[RECORD EXTRACTS]

text \<open>Let T = T1 + T3 and let D be the operator acting as T in every coordinate of the
  l_p-sum. Writing K, J for the head coordinate and its embedding and R for the right shift,
  R T L is a commutator [L2, H1] with a second shift L2, because D telescopes along L2.
  Conjugating the matrix by [[1, 0], [\<Gamma>, 1]] for suitable \<Gamma> turns its diagonal entries
  into R T L and into a commutator [L, H2]. Finally, any block matrix whose diagonal entries
  are commutators [D1, H1], [D2, H2] is a commutator: the off-diagonal entries of
  [diag (D1 + s, D2), [[H1, F], [G, H2]]] are Sylvester expressions in F and G, and for
  s > \<parallel>D1\<parallel> + \<parallel>D2\<parallel> the Banach fixed point theorem solves them for any right-hand sides.\<close>

lemma sylvester_equation_solvable:
  fixes D1 D2 Y :: "'a::banach \<Rightarrow> 'a"
  assumes D1: "bounded_linear D1" and D2: "bounded_linear D2" and Y: "bounded_linear Y"
    and s: "s > onorm D1 + onorm D2"
  shows "\<exists>F. bounded_linear F \<and> (\<forall>z. D1 (F z) + s *\<^sub>R F z - F (D2 z) = Y z)"
proof -
  define d1 where "d1 = Blinfun D1"
  define d2 where "d2 = Blinfun D2"
  have norms: "norm d1 = onorm D1" "norm d2 = onorm D2"
    unfolding d1_def d2_def norm_blinfun.rep_eq using D1 D2
    by (simp_all add: bounded_linear_Blinfun_apply)
  have s_pos: "s > 0" using s onorm_pos_le[OF D1] onorm_pos_le[OF D2] by linarith
  define c where "c = (norm d1 + norm d2) / s"
  have c: "0 \<le> c" "c < 1"
    using s s_pos norms onorm_pos_le[OF D1] onorm_pos_le[OF D2] unfolding c_def
    by (auto simp: field_simps)
  define f where "f = (\<lambda>x. (1/s) *\<^sub>R (Blinfun Y - (d1 o\<^sub>L x) + (x o\<^sub>L d2)))"
  have "dist (f x) (f x') \<le> c * dist x x'" for x x'
  proof -
    have "f x - f x' = (1/s) *\<^sub>R (((x - x') o\<^sub>L d2) - (d1 o\<^sub>L (x - x')))"
      unfolding f_def by (rule blinfun_eqI) (simp add: blinfun.bilinear_simps algebra_simps)
    hence "norm (f x - f x') = (1/s) * norm (((x - x') o\<^sub>L d2) - (d1 o\<^sub>L (x - x')))"
      using s_pos by simp
    also have "\<dots> \<le> (1/s) * (norm (x - x') * norm d2 + norm d1 * norm (x - x'))"
      using s_pos norm_blinfun_compose[of "x - x'" d2] norm_blinfun_compose[of d1 "x - x'"]
      by (intro mult_left_mono) (auto intro: order_trans[OF norm_triangle_ineq4])
    also have "\<dots> = c * norm (x - x')" unfolding c_def by (simp add: field_simps)
    finally show ?thesis by (simp add: dist_norm)
  qed
  then obtain F where F: "f F = F" using banach_fix_type[OF c] by blast
  have fixed: "F z = (1/s) *\<^sub>R (Y z - D1 (F z) + F (D2 z))" for z
    by (subst F[symmetric]) (simp add: f_def d1_def d2_def blinfun.bilinear_simps
        bounded_linear_Blinfun_apply D1 D2 Y)
  have "s *\<^sub>R F z = Y z - D1 (F z) + F (D2 z)" for z
    using arg_cong[OF fixed[of z], of "scaleR s"] s_pos by simp
  then have "D1 (F z) + s *\<^sub>R F z - F (D2 z) = Y z" for z
    by (simp add: algebra_simps)
  then show ?thesis using blinfun.bounded_linear_right by blast
qed

lemma is_commutator_similar:
  assumes "is_commutator T" and E: "bounded_linear E" and E': "bounded_linear E'"
    and E_E': "\<And>w. E (E' w) = w"
  shows "is_commutator (\<lambda>z. E' (T (E z)))"
proof -
  obtain A B where A: "bounded_linear A" and B: "bounded_linear B"
    and T: "\<And>z. T z = A (B z) - B (A z)"
    using assms(1) unfolding is_commutator_def by blast
  have "E' (T (E z)) = E' (A (E (E' (B (E z))))) - E' (B (E (E' (A (E z)))))" for z
    by (simp add: E_E' T linear_simps[OF E'])
  moreover have "bounded_linear (\<lambda>z. E' (A (E z)))" "bounded_linear (\<lambda>z. E' (B (E z)))"
    using A B E E' by (auto intro: bounded_linear_compose)
  ultimately show ?thesis unfolding is_commutator_def by blast
qed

[/RECORD EXTRACTS]

§ **TASK TO CARRY OUT**: Return every line from the entries above that contains the word "coordinate".

§ **ANSWER FOR THE TASK**:
text \<open>Let T = T1 + T3 and let D be the operator acting as T in every coordinate of the
  l_p-sum. Writing K, J for the head coordinate and its embedding and R for the right shift,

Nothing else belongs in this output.